WORK INSTRUCTIONS: Copy out exactly the lines from the line containing "fix c :: real" to the end of the listing.

DATA EXCERPTS:
......

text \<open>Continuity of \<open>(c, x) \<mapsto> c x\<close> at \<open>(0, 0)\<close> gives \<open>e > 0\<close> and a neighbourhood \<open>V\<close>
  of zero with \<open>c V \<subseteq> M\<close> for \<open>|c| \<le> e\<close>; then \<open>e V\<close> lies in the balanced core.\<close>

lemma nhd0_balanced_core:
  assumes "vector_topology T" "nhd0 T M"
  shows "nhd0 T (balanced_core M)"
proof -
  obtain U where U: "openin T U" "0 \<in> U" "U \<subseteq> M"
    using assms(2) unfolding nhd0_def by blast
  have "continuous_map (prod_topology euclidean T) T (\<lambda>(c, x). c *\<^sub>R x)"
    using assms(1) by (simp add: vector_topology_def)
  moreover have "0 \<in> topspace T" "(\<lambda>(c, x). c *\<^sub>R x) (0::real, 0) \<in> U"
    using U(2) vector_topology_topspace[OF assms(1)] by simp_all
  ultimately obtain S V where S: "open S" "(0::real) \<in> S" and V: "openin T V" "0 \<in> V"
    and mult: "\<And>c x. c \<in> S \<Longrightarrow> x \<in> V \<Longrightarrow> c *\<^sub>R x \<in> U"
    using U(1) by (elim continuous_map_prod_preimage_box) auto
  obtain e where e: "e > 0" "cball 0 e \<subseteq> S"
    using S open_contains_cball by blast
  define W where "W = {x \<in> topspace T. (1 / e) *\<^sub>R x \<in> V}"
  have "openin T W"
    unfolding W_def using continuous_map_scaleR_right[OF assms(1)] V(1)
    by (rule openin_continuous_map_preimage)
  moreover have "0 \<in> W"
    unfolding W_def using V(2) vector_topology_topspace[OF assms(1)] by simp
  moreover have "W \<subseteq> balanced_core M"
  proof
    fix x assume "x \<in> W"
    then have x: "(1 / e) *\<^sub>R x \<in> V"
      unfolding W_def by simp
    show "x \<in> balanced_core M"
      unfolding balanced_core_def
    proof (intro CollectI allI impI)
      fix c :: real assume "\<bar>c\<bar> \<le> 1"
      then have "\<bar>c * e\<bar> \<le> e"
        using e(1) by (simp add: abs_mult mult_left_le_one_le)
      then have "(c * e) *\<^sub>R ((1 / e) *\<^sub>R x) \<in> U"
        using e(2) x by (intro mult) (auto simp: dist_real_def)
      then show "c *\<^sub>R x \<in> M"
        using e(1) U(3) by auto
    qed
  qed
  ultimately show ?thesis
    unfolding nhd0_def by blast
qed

......

RESULT OF THE TASK:
      fix c :: real assume "\<bar>c\<bar> \<le> 1"
      then have "\<bar>c * e\<bar> \<le> e"
        using e(1) by (simp add: abs_mult mult_left_le_one_le)
      then have "(c * e) *\<^sub>R ((1 / e) *\<^sub>R x) \<in> U"
        using e(2) x by (intro mult) (auto simp: dist_real_def)
      then show "c *\<^sub>R x \<in> M"
        using e(1) U(3) by auto
    qed
  qed
  ultimately show ?thesis
    unfolding nhd0_def by blast
qed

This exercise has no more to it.